The controversy surrounding the 2017 General Election may also have a silver lining; it has given the country a constitutional moment. Possibly it may be easier to revisit the Constitution for review because both Uhuru Kenyatta and Raila Odinga are likely not to vie in 2022. Any retiring leader needs a fair Constitution which cannot be deployed against them or their supporters subsequently. Further, resolving the electoral quandary is likely to translate into an enduring legacy for the prime movers of the review initiative. Future contestants of Executive office and their constituencies - indeed the entire country - could benefit from an expanded Executive.
To midwife the desired constitutional reform, national dialogue is essential. In my view then, it will be crucial for the country to consider dialogue on the following ten points, among others:
What needs to be done
First, electoral justice must be realised in all its manifestations. Each vote must count in the future. Just like happened in 1997, the political parties that contest in an election should have a hand in establishing the electoral body. To strengthen the electronic voting and tallying system, a law could stipulate the electronic record of the electoral outcome (“the server”) will be opened prior to declaration of results. Gender representation must be conceded in both the National Assembly and Senate.
Second, the governance system requires restructuring. For example we should consider reverting to the parliamentary system envisaged in the Bomas Draft as well as in the experience of the 2007-2013 Grand Coalition Government. There was merit in adopting that system at independence. Proportional representation should supplement the first-past-the-post electoral system.
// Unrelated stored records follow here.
(* Let $f:\mathbb N\to\mathbb N$ be defined by $f(n)=\lfloor\varphi n\rfloor+1$ if $n\in R_{0,0}$ and $f(n)=\lfloor(\varphi-1)n\rfloor$ if $n\in R_{1,0}$, and let $\tau:\mathbb N\to\mathbb N$ be defined by $\tau(n)=\lfloor\varphi n+1\rfloor$ if $n\in R_{2,0}$, $\tau(n)=\lfloor\varphi n-1\rfloor$ if $n\in R_{1,0}$, and $\tau(n)=\lfloor(\varphi-1)n+1\rfloor$ if $n\in R_{1,1}$. Both are permutations of $\mathbb N$, and $$f\circ\tau=\tau^{-1}\circ f.$$
   Context: $\mathbb N=\{1,2,\dots\}$, $\varphi=\frac{1+\sqrt5}{2}$, $F$ the Fibonacci numbers ($F(0)=0,F(1)=F(2)=1$). For $i\in\mathbb Z^{\ge0},j\in\mathbb Z$, $R_{i,j}$ is the range of $n\mapsto F(i+1)\lfloor n\varphi\rfloor+F(i)n-j$, $n\in\mathbb N$; $R_{0,0},R_{1,0}$ partition $\mathbb N$, as do $R_{2,0},R_{1,0},R_{1,1}$. *)

theory Defs
  imports Complex_Main "HOL-Number_Theory.Fib"
begin

definition phi :: real where "phi = (1 + sqrt 5) / 2"

definition R :: "nat \<Rightarrow> int \<Rightarrow> int set" where
  "R i j = {int (fib (Suc i)) * \<lfloor>real n * phi\<rfloor> + int (fib i) * int n - j | n::nat. n \<ge> 1}"

text \<open>The maps f and tau on the positive integers; the value outside the stated
  cases (only n = 0, since the R-sets partition the positive integers) is irrelevant and set to 0.\<close>
definition fmap :: "nat \<Rightarrow> nat" where
  "fmap n = (if int n \<in> R 0 0 then nat (\<lfloor>phi * real n\<rfloor> + 1)
             else if int n \<in> R 1 0 then nat \<lfloor>(phi - 1) * real n\<rfloor>
             else 0)"

definition tau :: "nat \<Rightarrow> nat" where
  "tau n = (if int n \<in> R 2 0 then nat \<lfloor>phi * real n + 1\<rfloor>
            else if int n \<in> R 1 0 then nat \<lfloor>phi * real n - 1\<rfloor>
            else if int n \<in> R 1 1 then nat \<lfloor>(phi - 1) * real n + 1\<rfloor>
            else 0)"

end

theory Submission
  imports Defs
begin

(* Write a(n) = floor(n phi) and b(n) = a(n) + n = floor(n phi^2) for the lower and upper
   Wythoff sequences. Since 1/phi + 1/phi^2 = 1, Beatty's theorem says that the ranges A of a
   and B of b (over n >= 1) partition the positive integers. With t = frac(n phi) one has
   a(n) phi = b(n) - t (phi - 1) and b(n) phi = a(n) + b(n) + t (2 - phi), hence
   a(a(n)) = b(n) - 1 and a(b(n)) = a(n) + b(n). These identify R_{0,0}, R_{1,0}, R_{2,0},
   R_{1,1} with A, B, a(B), a(A), and show that f swaps a(n) and b(n), while tau sends
   a(a(n)) to a(n), a(b(n)) to b(b(n)) and b(n) to b(a(n)). So tau f tau = f holds on each of
   the classes a(A), a(B), B, which cover the positive integers; as f is an involution,
   tau is a bijection with inverse f tau f. *)

lemma bij_betw_conjugating_involution:
  assumes f_S: "f ` S \<subseteq> S" and g_S: "g ` S \<subseteq> S"
    and f_f: "\<forall>x\<in>S. f (f x) = x"
    and g_f_g: "\<forall>x\<in>S. g (f (g x)) = f x"
  shows "bij_betw g S S" and "\<forall>x\<in>S. f (g x) = inv_into S g (f x)"
proof -
  show bij: "bij_betw g S S"
  proof (rule bij_betw_byWitness[where f' = "f \<circ> g \<circ> f"])
    show "\<forall>x\<in>S. (f \<circ> g \<circ> f) (g x) = x"
      using f_f g_f_g by simp
    show "\<forall>y\<in>S. g ((f \<circ> g \<circ> f) y) = y"
      using f_f g_f_g f_S by (simp add: image_subset_iff)
    show "g ` S \<subseteq> S" "(f \<circ> g \<circ> f) ` S \<subseteq> S"
      using f_S g_S by (auto simp: image_subset_iff)
  qed
  show "\<forall>x\<in>S. f (g x) = inv_into S g (f x)"
    using g_f_g f_S g_S bij_betw_imp_inj_on[OF bij]
    by (auto simp: image_subset_iff intro: inv_into_f_eq[symmetric])
qed

lemma frac_mult_less_1: "0 \<le> c \<Longrightarrow> c \<le> 1 \<Longrightarrow> frac x * c < 1"
  using mult_left_le[of c "frac x"] frac_lt_1[of x] by simp

section \<open>Beatty pairs\<close>

lemma of_nat_mult_irrational_notin_Ints:
  fixes \<alpha> :: real
  assumes "\<alpha> \<notin> \<rat>" "0 < n"
  shows "real n * \<alpha> \<notin> \<int>"
proof
  assume "real n * \<alpha> \<in> \<int>"
  then have "real n * \<alpha> \<in> \<rat>"
    using Ints_subset_Rats by blast
  then have "\<alpha> \<in> \<rat>"
    using \<open>0 < n\<close> Rats_divide[OF _ Rats_of_nat[of n]] by fastforce
  with assms show False by simp
qed

lemma irrational_multiples_straddle:
  fixes \<gamma> :: real
  assumes "\<gamma> \<notin> \<rat>" "0 < \<gamma>" "0 < x" "x \<in> \<int>"
  obtains k :: nat where "real k * \<gamma> < x" "x < real (k + 1) * \<gamma>"
proof
  define k where "k = nat \<lfloor>x / \<gamma>\<rfloor>"
  have "real k = \<lfloor>x / \<gamma>\<rfloor>"
    using assms(2,3) unfolding k_def by simp
  then have "real k \<le> x / \<gamma>" "x / \<gamma> < real k + 1"
    by linarith+
  then have "real k * \<gamma> \<le> x" "x < real (k + 1) * \<gamma>"
    using assms(2) by (simp_all add: field_simps)
  moreover have "real k * \<gamma> \<noteq> x"
    using of_nat_mult_irrational_notin_Ints[OF assms(1)] assms(3,4) by (cases "k = 0") auto
  ultimately show "real k * \<gamma> < x" "x < real (k + 1) * \<gamma>"
    by simp_all
qed

locale beatty_pair =
  fixes \<alpha> \<beta> :: real
  assumes alpha_irrational: "\<alpha> \<notin> \<rat>"
    and alpha_pos: "0 < \<alpha>" and beta_pos: "0 < \<beta>"
    and reciprocals_sum: "1 / \<alpha> + 1 / \<beta> = 1"
begin

lemma divide_alpha_add_divide_beta: "x / \<alpha> + x / \<beta> = x"
proof -
  have "x / \<alpha> + x / \<beta> = x * (1 / \<alpha> + 1 / \<beta>)"
    by (simp add: algebra_simps)
  then show ?thesis
    by (simp add: reciprocals_sum)
qed

lemma beta_irrational: "\<beta> \<notin> \<rat>"
proof
  assume "\<beta> \<in> \<rat>"
  then have "1 - 1 / \<beta> \<in> \<rat>" by simp
  also have "1 - 1 / \<beta> = inverse \<alpha>"
    using reciprocals_sum by (simp add: inverse_eq_divide algebra_simps)
  finally have "inverse (inverse \<alpha>) \<in> \<rat>" by (rule Rats_inverse)
  with alpha_irrational show False by simp
qed

lemma floor_multiples_disjoint:
  assumes "0 < k"
  shows "\<lfloor>real k * \<alpha>\<rfloor> \<noteq> \<lfloor>real j * \<beta>\<rfloor>"
proof
  define m where "m = \<lfloor>real k * \<alpha>\<rfloor>"
  assume m_eq: "m = \<lfloor>real j * \<beta>\<rfloor>"
  have "real k * \<alpha> \<noteq> m"
    using of_nat_mult_irrational_notin_Ints[OF alpha_irrational assms] by auto
  then have "m < real k * \<alpha>" "real k * \<alpha> < m + 1"
    unfolding m_def by linarith+
  then have "m / \<alpha> < k" "k < (m + 1) / \<alpha>"
    using alpha_pos by (simp_all add: field_simps)
  moreover have "m \<le> real j * \<beta>" "real j * \<beta> < m + 1"
    unfolding m_eq by linarith+
  then have "m / \<beta> \<le> j" "j < (m + 1) / \<beta>"
    using beta_pos by (simp_all add: field_simps)
  ultimately have "m < int (k + j)" "int (k + j) < m + 1"
    using divide_alpha_add_divide_beta[of m] divide_alpha_add_divide_beta[of "m + 1"]
    by linarith+
  then show False by simp
qed

lemma floor_multiples_cover:
  fixes m :: int
  assumes "0 < m"
  shows "(\<exists>k>0. \<lfloor>real k * \<alpha>\<rfloor> = m) \<or> (\<exists>j>0. \<lfloor>real j * \<beta>\<rfloor> = m)"
proof (rule ccontr)
  assume not_hit: "\<not> ?thesis"
  have m_succ: "0 < real_of_int (m + 1)" "real_of_int (m + 1) \<in> \<int>"
    using assms by simp_all
  from irrational_multiples_straddle[OF alpha_irrational alpha_pos m_succ] obtain k
    where k: "real k * \<alpha> < m + 1" "m + 1 < real (k + 1) * \<alpha>" .
  from irrational_multiples_straddle[OF beta_irrational beta_pos m_succ] obtain j
    where j: "real j * \<beta> < m + 1" "m + 1 < real (j + 1) * \<beta>" .
  have "\<lfloor>real k * \<alpha>\<rfloor> \<noteq> m"
    using not_hit assms gr0I by (cases "k = 0") (simp, blast)
  moreover have "\<lfloor>real j * \<beta>\<rfloor> \<noteq> m"
    using not_hit assms gr0I by (cases "j = 0") (simp, blast)
  ultimately have "real k * \<alpha> < m" "real j * \<beta> < m"
    using k(1) j(1) by linarith+
  then have "real k < m / \<alpha>" "real j < m / \<beta>"
    "(m + 1) / \<alpha> < real k + 1" "(m + 1) / \<beta> < real j + 1"
    using k(2) j(2) alpha_pos beta_pos by (simp_all add: field_simps)
  then have "real_of_int m - 1 < real (k + j)" "real (k + j) < real_of_int m"
    using divide_alpha_add_divide_beta[of m] divide_alpha_add_divide_beta[of "m + 1"]
    by simp_all
  then have "m - 1 < int (k + j)" "int (k + j) < m"
    by linarith+
  then show False by simp
qed

end

section \<open>The golden ratio\<close>

lemma phi_squared: "phi\<^sup>2 = phi + 1"
  by (simp add: phi_def power2_eq_square field_simps)

lemma phi_gt_1: "phi > 1"
  by (simp add: phi_def real_less_rsqrt)

lemma phi_less_2: "phi < 2"
proof -
  have "sqrt 5 < 3" by (rule real_less_lsqrt) auto
  then show ?thesis by (simp add: phi_def)
qed

lemma phi_irrational: "phi \<notin> \<rat>"
proof
  assume "phi \<in> \<rat>"
  then obtain p q :: nat where "q \<noteq> 0" and "\<bar>phi\<bar> = real p / real q" and "coprime p q"
    by (rule Rats_abs_nat_div_natE)
  then have p_eq: "real p = phi * real q"
    using phi_gt_1 by (simp add: field_simps)
  then have "real p * real p = phi\<^sup>2 * real q * real q"
    by (simp add: power2_eq_square)
  also have "\<dots> = real q * (phi * real q + real q)"
    by (simp add: phi_squared algebra_simps)
  finally have "real p * real p = real q * (real p + real q)"
    by (simp add: p_eq)
  then have pq: "p * p = q * (p + q)"
    by (metis of_nat_add of_nat_eq_iff of_nat_mult)
  then have "q dvd p * p" by simp
  with \<open>coprime p q\<close> have "q = 1"
    by (simp add: coprime_absorb_right coprime_commute coprime_dvd_mult_right_iff)
  with pq have "p * p = p + 1" by simp
  then have "p dvd p + 1" by (metis dvd_triv_left)
  then have "p dvd 1" using dvd_add_right_iff[of p p 1] by simp
  with \<open>p * p = p + 1\<close> show False by simp
qed

lemma beatty_pair_phi: "beatty_pair phi (phi + 1)"
proof
  show "phi \<notin> \<rat>" by (rule phi_irrational)
  show "0 < phi" "0 < phi + 1"
    using phi_gt_1 by simp_all
  show "1 / phi + 1 / (phi + 1) = 1"
    using phi_gt_1 phi_squared by (simp add: field_simps power2_eq_square)
qed

section \<open>Wythoff sequences\<close>

definition lower_wythoff :: "nat \<Rightarrow> nat" where
  "lower_wythoff n = nat \<lfloor>real n * phi\<rfloor>"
Third, the independence of constitutional commissions and other similar offices, national security offices and the Judiciary must be buttressed. The 2010 Constitution endeavoured to curb over-concentration of executive power.
Fourth, strengthening party coalition-building mechanisms through political party reforms is critical. This will guarantee detribalisation of political parties and politics; Democratic Party elections and nominations; and penalising breach of the coalition agreement. Fifth, a dialogue that addresses the scourge of negative ethnicity to pave way for the flourishing of the Kenyan nation, is key.
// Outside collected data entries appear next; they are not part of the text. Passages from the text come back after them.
subsection \<open>\<open>E\<close>-triangles\<close>

lemma E_triangleD:
  "E_triangle R A B C x y d \<Longrightarrow>
   d \<in> ext R C A \<and> x \<in> hom R A B \<and> y \<in> hom R B C \<and> realizes R d x y \<and>
   A \<in> obj R \<and> B \<in> obj R \<and> C \<in> obj R"
  unfolding E_triangle_def using hom_objs by blast

lemma E_triangle_exists:
  assumes "C \<in> obj R" "A \<in> obj R" "d \<in> ext R C A"
  shows "\<exists>B x y. E_triangle R A B C x y d"
proof -
  obtain B x y where "x \<in> hom R A B" "y \<in> hom R B C" "realizes R d x y"
    using conjunct1[OF realization[unfolded is_realization_def], rule_format, OF assms] by blast
  then show ?thesis using assms(3) unfolding E_triangle_def by blast
qed

lemma biproduct_E_triangle:
  assumes "is_biproduct R A C P i1 i2 p1 p2"
  shows "E_triangle R A P C i1 p2 (ezero R C A)"
proof -
  have h: "i1 \<in> hom R A P" "p2 \<in> hom R P C" using biproductD[OF assms] by blast+
  have o: "A \<in> obj R" "C \<in> obj R" using hom_objs h by blast+
  have "realizes R (ezero R C A) i1 p2"
    using conjunct1[OF ET2[unfolded ET2_def], rule_format, OF o assms] .
  then show ?thesis unfolding E_triangle_def using h ezero_ext o by blast
qed

lemma E_triangle_morphism:
  assumes "E_triangle R A B C x y d" "E_triangle R A' B' C' x' y' d'"
    "a \<in> hom R A A'" "c \<in> hom R C C'" "push R a d = pull R c d'"
  shows "\<exists>b\<in>hom R B B'. cmp R b x = cmp R x' a \<and> cmp R c y = cmp R y' b"
proof -
  have t: "d \<in> ext R C A" "d' \<in> ext R C' A'" "realizes R d x y" "realizes R d' x' y'"
    "tgt R x = B" "tgt R x' = B'"
    using assms(1,2) unfolding E_triangle_def hom_def by blast+
  show ?thesis
    using conjunct2[OF realization[unfolded is_realization_def], rule_format, OF t(1,2) assms(3-5) t(3,4)] t(5,6)
    by simp
qed

lemma ET3_rule:
  assumes "E_triangle R A B C x y d" "E_triangle R A' B' C' x' y' d'"
    "a \<in> hom R A A'" "b \<in> hom R B B'" "cmp R x' a = cmp R b x"
  shows "\<exists>c\<in>hom R C C'. cmp R c y = cmp R y' b \<and> push R a d = pull R c d'"
  using assms(1,2) unfolding E_triangle_def
  by (blast intro: ET3[unfolded ET3_def, rule_format, OF _ _ _ _ _ _ _ _ assms(3-5)])

lemma ET3op_rule:
  assumes "E_triangle R A B C x y d" "E_triangle R A' B' C' x' y' d'"
    "b \<in> hom R B B'" "c \<in> hom R C C'" "cmp R c y = cmp R y' b"
  shows "\<exists>a\<in>hom R A A'. cmp R x' a = cmp R b x \<and> push R a d = pull R c d'"
  using assms(1,2) unfolding E_triangle_def
  by (blast intro: ET3op[unfolded ET3op_def, rule_format, OF _ _ _ _ _ _ _ _ assms(3-5)])

lemma pull_deflation_eq_zero:
  assumes "E_triangle R A B C x y d"
  shows "pull R y d = ezero R B A"
proof -
  note t = E_triangleD[OF assms]
  obtain P i1 i2 p1 p2 where bp: "is_biproduct R A B P i1 i2 p1 p2"
    using biproduct_exists t by blast
  obtain a where "a \<in> hom R A A" "push R a (ezero R B A) = pull R y d"
    using ET3op_rule[OF biproduct_E_triangle[OF bp] assms] biproductD[OF bp] t by blast
  then show ?thesis using push_ezero t by metis
qed

lemma push_inflation_eq_zero:
  assumes "E_triangle R A B C x y d"
  shows "push R x d = ezero R C B"
proof -
  note t = E_triangleD[OF assms]
  obtain P i1 i2 p1 p2 where bp: "is_biproduct R B C P i1 i2 p1 p2"
    using biproduct_exists t by blast
  obtain c where "c \<in> hom R C C" "push R x d = pull R c (ezero R C B)"
    using ET3_rule[OF assms biproduct_E_triangle[OF bp]] biproductD[OF bp] t by blast
  then show ?thesis using pull_ezero t by metis
qed

text \<open>The next three lemmas express exactness of the long sequences of \<open>E\<close>-groups and
  of Hom attached to an \<open>E\<close>-triangle.  Each vanishing hypothesis says that a pair of maps is a
  morphism into or out of a split triangle; composing its middle term with a biproduct
  projection or injection gives a morphism of \<open>E\<close>-triangles, completed by (ET3) or
  (ET3)\<open>\<^sup>o\<^sup>p\<close>.\<close>

lemma ext_eq_pull_if_push_inflation_zero:
  assumes "E_triangle R A B C x y d" "\<eta> \<in> ext R X A" "X \<in> obj R" "push R x \<eta> = ezero R X B"
  shows "\<exists>c\<in>hom R X C. \<eta> = pull R c d"
proof -
  note t = E_triangleD[OF assms(1)]
  obtain M m n where \<eta>t: "E_triangle R A M X m n \<eta>"
    using E_triangle_exists assms(2,3) t by blast
  have m: "m \<in> hom R A M" using E_triangleD[OF \<eta>t] by blast
  obtain P i1 i2 p1 p2 where bp: "is_biproduct R B X P i1 i2 p1 p2"
    using biproduct_exists t assms(3) by blast
  have h: "i1 \<in> hom R B P" "p1 \<in> hom R P B" "cmp R p1 i1 = idm R B" using biproductD[OF bp] by blast+
  have "push R x \<eta> = pull R (idm R X) (ezero R X B)"
    using assms(3,4) pull_id ezero_ext t by metis
  then obtain b where b: "b \<in> hom R M P" "cmp R b m = cmp R i1 x"
    using E_triangle_morphism[OF \<eta>t biproduct_E_triangle[OF bp]] t id_hom assms(3) by blast
  have b': "cmp R p1 b \<in> hom R M B" using comp_hom b(1) h(2) by blast
  have "cmp R (cmp R p1 b) m = cmp R p1 (cmp R i1 x)" using comp_assoc[OF m b(1) h(2)] b(2) by simp
  also have "\<dots> = cmp R x (idm R A)" using comp_assoc[OF _ h(1,2)] h(3) comp_id_left comp_id_right t by metis
  finally obtain c where "c \<in> hom R X C" "push R (idm R A) \<eta> = pull R c d"
    using ET3_rule[OF \<eta>t assms(1) id_hom b'] t by metis
  then show ?thesis using push_id assms(2,3) t by metis
qed

lemma ext_eq_push_if_pull_deflation_zero:
  assumes "E_triangle R K P C k p \<gamma>" "\<theta> \<in> ext R C Z" "Z \<in> obj R" "pull R p \<theta> = ezero R P Z"
  shows "\<exists>a\<in>hom R K Z. \<theta> = push R a \<gamma>"
proof -
  note t = E_triangleD[OF assms(1)]
  obtain N m n where \<theta>t: "E_triangle R Z N C m n \<theta>"
    using E_triangle_exists assms(2,3) t by blast
  have n: "n \<in> hom R N C" using E_triangleD[OF \<theta>t] by blast
  obtain Q i1 i2 p1 p2 where bp: "is_biproduct R Z P Q i1 i2 p1 p2"
    using biproduct_exists t assms(3) by blast
  have h: "i2 \<in> hom R P Q" "p2 \<in> hom R Q P" "cmp R p2 i2 = idm R P" using biproductD[OF bp] by blast+
  have "push R (idm R Z) (ezero R P Z) = pull R p \<theta>"
    using assms(3,4) push_id ezero_ext t by metis
  then obtain b where b: "b \<in> hom R Q N" "cmp R p p2 = cmp R n b"
    using E_triangle_morphism[OF biproduct_E_triangle[OF bp] \<theta>t] t id_hom assms(3) by blast
  have b': "cmp R b i2 \<in> hom R P N" using comp_hom b(1) h(1) by blast
  have "cmp R n (cmp R b i2) = cmp R (cmp R p p2) i2" using comp_assoc[OF h(1) b(1) n] b(2) by simp
  also have "\<dots> = cmp R (idm R C) p" using comp_assoc[OF h(1,2)] h(3) comp_id_left comp_id_right t by metis
  finally obtain a where "a \<in> hom R K Z" "push R a \<gamma> = pull R (idm R C) \<theta>"
    using ET3op_rule[OF assms(1) \<theta>t b' id_hom] t by metis
  then show ?thesis using pull_id assms(2,3) t by metis
qed

lemma factors_through_deflation_if_pull_zero:
  assumes "E_triangle R A M C u q \<zeta>" "f \<in> hom R X C" "pull R f \<zeta> = ezero R X A"
  shows "\<exists>t\<in>hom R X M. cmp R q t = f"
proof -
  note t = E_triangleD[OF assms(1)]
  have X: "X \<in> obj R" using hom_objs assms(2) by blast
  obtain P i1 i2 p1 p2 where bp: "is_biproduct R A X P i1 i2 p1 p2"
    using biproduct_exists t X by blast
  have h: "i2 \<in> hom R X P" "p2 \<in> hom R P X" "cmp R p2 i2 = idm R X" using biproductD[OF bp] by blast+
  have "push R (idm R A) (ezero R X A) = pull R f \<zeta>"
    using assms(3) push_id ezero_ext t X by metis
  then obtain b where b: "b \<in> hom R P M" "cmp R f p2 = cmp R q b"
    using E_triangle_morphism[OF biproduct_E_triangle[OF bp] assms(1)] t id_hom assms(2) by blast
  have "cmp R q (cmp R b i2) = cmp R (cmp R f p2) i2" using comp_assoc[OF h(1) b(1)] b(2) t by metis
  also have "\<dots> = f" using comp_assoc[OF h(1,2) assms(2)] h(3) comp_id_right assms(2) by metis
  finally show ?thesis using comp_hom b(1) h(1) by blast
qed

end

subsection \<open>Phantom morphisms\<close>

definition Ph_precover :: "('o,'m,'e,'z) ext_cat_data_scheme \<Rightarrow> 'e set \<Rightarrow> 'o \<Rightarrow> 'm \<Rightarrow> bool" where
  "Ph_precover R F C q \<longleftrightarrow> q \<in> Ph R F \<and> tgt R q = C \<and>
     (\<forall>X \<phi>. \<phi> \<in> hom R X C \<longrightarrow> \<phi> \<in> Ph R F \<longrightarrow> (\<exists>t\<in>hom R X (src R q). cmp R q t = \<phi>))"

locale extriangulated_subfunctor = extriangulated_cat +
  fixes F :: "'e set"
  assumes additive_subfunctor: "additive_subfunctor R F"
begin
Sixth, we must decisively deal with corrosive corruption. To slay this dragon which sucks Kenya’s economic blood, lifestyle audits and publication of annual wealth declaration forms should be made mandatory. A special prosecution system for corruption cases should be devised.
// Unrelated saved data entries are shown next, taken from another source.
theorem proposition3p4:
  fixes K :: "'a::euclidean_space set"
    and \<delta> :: "'a \<Rightarrow> 'a \<Rightarrow> real"
    and J :: "real \<Rightarrow> real"
    and f' :: "real \<Rightarrow> real"
    and \<alpha> M0 H :: real
  assumes "compact K"
    and "connected (- K)"
    and "quasi_euclidean (closure (- K)) \<delta>"
    and "assumption_AJ (- K) J \<delta>"
    and "continuous_on UNIV f'"
    and "\<exists>s0. (\<forall>s. f' s \<le> f' s0) \<and> f' s0 < (INF x\<in>- K. calJ (- K) J \<delta> x)"
    and "0 < \<alpha>" and "\<alpha> < 1"
    and "besov_B \<alpha> (- K) \<delta> J"
    and "0 < M0"
  shows "\<exists>M>0. \<forall>f t0 u0 u u1 u2.
     (\<forall>s. (f has_real_derivative f' s) (at s)) \<and> (\<exists>Lf. lipschitz_on Lf UNIV f) \<and>
     holder_space \<alpha> (closure (- K)) u0 \<and> holder_semi \<alpha> (closure (- K)) u0 = ereal H \<and>
     C2_curve (closure (- K)) t0 u u1 u2 \<and>
     (AE p in lborel. fst p > t0 \<and> snd p \<in> - K \<longrightarrow>
        u1 (fst p) (snd p) = nl_op (- K) J \<delta> (u (fst p)) (snd p) + f (u (fst p) (snd p))) \<and>
     (\<forall>x\<in>closure (- K). u t0 x = u0 x) \<and>
     (\<forall>t\<ge>t0. \<forall>x\<in>closure (- K). \<bar>u t x\<bar> \<le> M0)
     \<longrightarrow> (SUP t\<in>{t0..}. holder_semi \<alpha> (closure (- K)) (u t) + holder_semi \<alpha> (closure (- K)) (u1 t)) \<le> ereal M"
proof -
  obtain C where C: "0 \<le> C"
    "\<And>y z. y \<in> - K \<Longrightarrow> z \<in> - K \<Longrightarrow> L1_diff (- K) J \<delta> y z \<le> ennreal (C * dist y z powr \<alpha>)"
    using besov_B_imp_L1_diff_le[OF assms(9)] by blast
  obtain CJ0 where CJ0: "AE x in lborel. x \<in> - K \<longrightarrow> calJ_enn (- K) J \<delta> x \<le> ennreal CJ0"
    using assms(4) unfolding assumption_AJ_def by blast
  define CJ where "CJ = max CJ0 0"
  interpret besov_kernel "- K" J \<delta> \<alpha> C CJ
  proof
    show "AE x in lborel. x \<in> - K \<longrightarrow> calJ_enn (- K) J \<delta> x \<le> ennreal CJ"
      using CJ0 by eventually_elim (auto simp: CJ_def intro: order_trans ennreal_leI)
  qed (use assms(1,3,4,7) C radial_integrable_imp_borel_measurable_abs in
      \<open>auto simp: CJ_def assumption_AJ_def compact_imp_closed open_Compl\<close>)
  obtain s0 where max: "\<And>s. f' s \<le> f' s0" and below: "f' s0 < (INF x\<in>- K. calJ (- K) J \<delta> x)"
    using assms(6) by blast
  define c where "c = (INF x\<in>- K. calJ (- K) J \<delta> x) - f' s0"
  have c: "c > 0" using below by (simp add: c_def)
  have "bdd_below (calJ (- K) J \<delta> ` (- K))"
    by (rule bdd_belowI2[where m=0]) (rule calJ_nonneg)
  then have gap: "f' s0 + c \<le> calJ (- K) J \<delta> x" if "x \<in> - K" for x
    using cINF_lower[OF _ that] unfolding c_def by simp
  obtain Bf where Bf: "\<And>s. s \<in> {0..1} \<Longrightarrow> \<bar>f' s\<bar> \<le> Bf"
    using compact_imp_bounded[OF compact_continuous_image[OF continuous_on_subset[OF assms(5)]]]
    unfolding bounded_real by (metis compact_Icc image_eqI subset_UNIV)
  define M1 where "M1 = max H 0 + 2 * C / c"
  define M where "M = max (M1 + (2 * C + (CJ + Bf) * M1)) 1"
  show ?thesis
    apply (intro exI[of _ M] conjI allI impI; (elim conjE)?)
    subgoal by (simp add: M_def)
    subgoal premises hyp for f t0 u0 u u1 u2
    proof -
      interpret kernel_solution "- K" J \<delta> \<alpha> C CJ f f' t0 u u1 u2
        using hyp(1,5,6) by unfold_locales auto
      have "holder_semi \<alpha> (closure (- K)) u0 \<le> ereal (max H 0)" using hyp(4) by simp
      then have init: "\<bar>u t0 x - u t0 y\<bar> \<le> max H 0 * dist x y powr \<alpha>" if "x \<in> - K" "y \<in> - K" for x y
        using holder_semi_leD hyp(7) that closure_subset by (metis subsetD)
      have "(SUP t\<in>{t0..}. holder_semi \<alpha> (closure (- K)) (u t) + holder_semi \<alpha> (closure (- K)) (u1 t))
          \<le> ereal (M1 + (2 * C + (CJ + Bf) * M1))"
        unfolding M1_def using holder_seminorms_bounded[OF c gap max Bf _ init] by simp
      also have "\<dots> \<le> ereal M" by (simp add: M_def)
      finally show ?thesis .
    qed
    done
qed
Seventh, national debt must be regulated by the Executive and the Legislature as well as County Assemblies.
Eighth, national discourse on how to create robust policy, law and institutions that seriously promote youth empowerment will secure our common future.
Ninth, strengthen devolution by ensuring that the Executive cannot usurp county functions, and at least 15 per cent of the country’s budget gets reserved for the counties as the structure of devolution is revised to mirror that in the Bomas Accord.
Tenth, we must palaver about how to arrive at true economic justice for all. It will be critical to establish a formula for equitable sharing of the national government component of budget.
Some of the above constitutional changes will entail a referendum.The stalled Okoa Kenya Movement sought and even today’s NASA's Peoples’ Assemblies seeks to mobilise the country for a constitutional referendum. National consensus for both constitutional change and referendum must be developed.
Constitutional review should not be a protracted process as happened in the past. Long-drawn-out constitutional audit risks sabotage. Kenya was poised to transition into democracy and middle economy status after the 2010 constitutional milestone. It is sad, it didn't.